The increasingly serious water crisis requires all water users to participate in the water saving action. The majority of scattered smallholder farmers are in the disadvantage position of information. It is difficult for them to obtain the guidance of scientific irrigation. In order to satisfy the demands of farmers in North China Plain (NCP), a web-based irrigation decision support system with limited inputs (WIDSSLI) is presented in this paper. WIDSSLI is based on the Brower/Server mode and includes user interfaces (UIs) for farmers and administrators, models, database and a weather data update system (WDUS).
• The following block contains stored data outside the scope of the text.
definition minor :: "(nat \<Rightarrow> nat \<Rightarrow> 'a::comm_ring_1) \<Rightarrow> (nat \<Rightarrow> nat) \<Rightarrow> (nat \<Rightarrow> nat) \<Rightarrow> nat \<Rightarrow> 'a" where
  "minor F r c n = det (mat n n (\<lambda>(i, j). F (r i) (c j)))"

lemma lead_minor_cong:
  "(\<And>i j. i < n \<Longrightarrow> j < n \<Longrightarrow> F i j = G i j) \<Longrightarrow> lead_minor F n = lead_minor G n"
  by (intro arg_cong[where f = det] eq_matI) auto

lemma minor_eq_lead_minor:
  "(\<And>i j. i < n \<Longrightarrow> j < n \<Longrightarrow> F (r i) (c j) = G i j) \<Longrightarrow> minor F r c n = lead_minor G n"
  unfolding minor_def by (rule lead_minor_cong)

lemma minor_cong:
  "(\<And>i. i < n \<Longrightarrow> r i = r' i) \<Longrightarrow> (\<And>j. j < n \<Longrightarrow> c j = c' j) \<Longrightarrow> minor F r c n = minor F r' c' n"
  unfolding minor_def by (rule lead_minor_cong) auto

lemma lead_minor_transpose: "lead_minor F n = lead_minor (\<lambda>i j. F j i) n"
proof -
  have "lead_minor F n = det (transpose_mat (mat n n (\<lambda>(i, j). F i j)))"
    by (rule det_transpose[symmetric]) auto
  also have "transpose_mat (mat n n (\<lambda>(i, j). F i j)) = mat n n (\<lambda>(i, j). F j i)"
    by (rule eq_matI) auto
  finally show ?thesis .
qed

lemma minor_permute_rows:
  assumes "p permutes {0..<n}"
  shows "minor F (r \<circ> p) c n = signof p * minor F r c n"
proof -
  have "minor F (r \<circ> p) c n = det (mat n n (\<lambda>(i, j). mat n n (\<lambda>(i, j). F (r i) (c j)) $$ (p i, j)))"
    unfolding minor_def using assms by (intro arg_cong[where f = det] eq_matI) (auto simp: permutes_in_image)
  also have "\<dots> = signof p * minor F r c n"
    unfolding minor_def by (rule det_permute_rows[OF _ assms]) auto
  finally show ?thesis .
qed

lemma minor_permute_cols:
  assumes "p permutes {0..<n}"
  shows "minor F r (c \<circ> p) n = signof p * minor F r c n"
  using minor_permute_rows[OF assms, of "\<lambda>i j. F j i" c r]
  unfolding minor_def by (subst (1 2) lead_minor_transpose) simp

lemma minor_permute_both:
  assumes "p permutes {0..<n}"
  shows "minor F (r \<circ> p) (c \<circ> p) n = minor F r c n"
proof -
  have "signof p * signof p = (1 :: 'a)"
    by (cases p rule: sign_cases) auto
  then show ?thesis
    by (simp add: minor_permute_rows[OF assms] minor_permute_cols[OF assms] mult.assoc[symmetric])
qed

lemma det_mat_2: "det (mat 2 2 f) = f (0, 0) * f (1, 1) - f (0, 1) * (f (1, 0) :: 'a :: comm_ring_1)"
proof -
  have "mat 2 2 f \<in> carrier_mat 2 2" by auto
  then show ?thesis
    by (subst laplace_expansion_row[of _ _ 0])
      (auto simp: numeral_2_eq_2 cofactor_def mat_delete_def det_single lessThan_Suc)
qed

lemma det_four_block_mat_adj:
  fixes A :: "'a::idom mat"
  assumes A: "A \<in> carrier_mat k k" and B: "B \<in> carrier_mat k m"
    and C: "C \<in> carrier_mat m k" and D: "D \<in> carrier_mat m m"
  shows "det (four_block_mat A B C D) * det A ^ m = det A * det (det A \<cdot>\<^sub>m D - C * (adj_mat A * B))"
proof -
  define d where "d = det A"
  define N where "N = four_block_mat (1\<^sub>m k) (- (adj_mat A * B)) (0\<^sub>m m k) (d \<cdot>\<^sub>m 1\<^sub>m m)"
  have adj: "adj_mat A \<in> carrier_mat k k" and AB: "adj_mat A * B \<in> carrier_mat k m"
    using adj_mat[OF A] B by auto
  have N: "N \<in> carrier_mat (k + m) (k + m)" unfolding N_def using AB by auto
  have det_N: "det N = d ^ m"
    unfolding N_def by (subst det_four_block_mat_lower_left_zero[of _ k _ m]) (use AB in \<open>auto simp: det_smult\<close>)
  have "A * (adj_mat A * B) = (A * adj_mat A) * B" using assoc_mult_mat[OF A adj B] by simp
  also have "\<dots> = d \<cdot>\<^sub>m B" using adj_mat[OF A] B by (simp add: d_def mult_smult_assoc_mat[of _ k k])
  finally have upper_right: "A * (- (adj_mat A * B)) + B * (d \<cdot>\<^sub>m 1\<^sub>m m) = 0\<^sub>m k m"
    using A B adj by (intro eq_matI) auto
  have "C * (- (adj_mat A * B)) = - (C * (adj_mat A * B))" and "D * (d \<cdot>\<^sub>m 1\<^sub>m m) = d \<cdot>\<^sub>m D"
    using C D AB by (auto simp: mult_smult_distrib[OF D one_carrier_mat])
  then have lower_right: "C * (- (adj_mat A * B)) + D * (d \<cdot>\<^sub>m 1\<^sub>m m) = d \<cdot>\<^sub>m D - C * (adj_mat A * B)"
    using C D AB by (intro eq_matI) auto
  have "four_block_mat A B C D * N = four_block_mat (A * 1\<^sub>m k + B * 0\<^sub>m m k)
      (A * (- (adj_mat A * B)) + B * (d \<cdot>\<^sub>m 1\<^sub>m m)) (C * 1\<^sub>m k + D * 0\<^sub>m m k)
      (C * (- (adj_mat A * B)) + D * (d \<cdot>\<^sub>m 1\<^sub>m m))"
    unfolding N_def by (rule mult_four_block_mat[OF A B C D]) (use AB in auto)
  also have "\<dots> = four_block_mat A (0\<^sub>m k m) C (d \<cdot>\<^sub>m D - C * (adj_mat A * B))"
    unfolding upper_right lower_right using A B C D by simp
  finally have product: "four_block_mat A B C D * N = four_block_mat A (0\<^sub>m k m) C (d \<cdot>\<^sub>m D - C * (adj_mat A * B))" .
  have "det (four_block_mat A B C D) * det N = det (four_block_mat A B C D * N)"
    by (rule det_mult[symmetric]) (use A B C D N in auto)
  also have "\<dots> = det A * det (d \<cdot>\<^sub>m D - C * (adj_mat A * B))"
    unfolding product using C AB by (intro det_four_block_mat_upper_right_zero[OF A refl C] minus_carrier_mat) auto
  finally show ?thesis unfolding det_N d_def .
qed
FAO-56 dual crop coefficient approach is adopted to simulate the soil water balance of different layers. Without in-field soil moisture monitors, the model is started from the earliest day of these days while crops are sowed or the cropland is irrigated, and soil water depletions of all layers are initialized with 0 at the beginning. Using online weather forecast, future irrigation decision is obtained by the comparison between the field water availability simulated by the system and the lower limit of the soil moisture for irrigation. By which, farmers can obtain the irrigation decision support: when irrigation is needed and how much water is required. Verification results shows that the system initialization method is reasonable, and WIDSSLI can accurately simulate the dynamics of soil water content. WIDSSLI is deployed in the internet, and its mobile version is also developed for ease of use.

Suggested Citation

  • Li, Hongjun & Li, Jiazhen & Shen, Yanjun & Zhang, Xiying & Lei, Yuping, 2018. "Web-based irrigation decision support system with limited inputs for farmers," Agricultural Water Management, Elsevier, vol. 210(C), pages 279-285.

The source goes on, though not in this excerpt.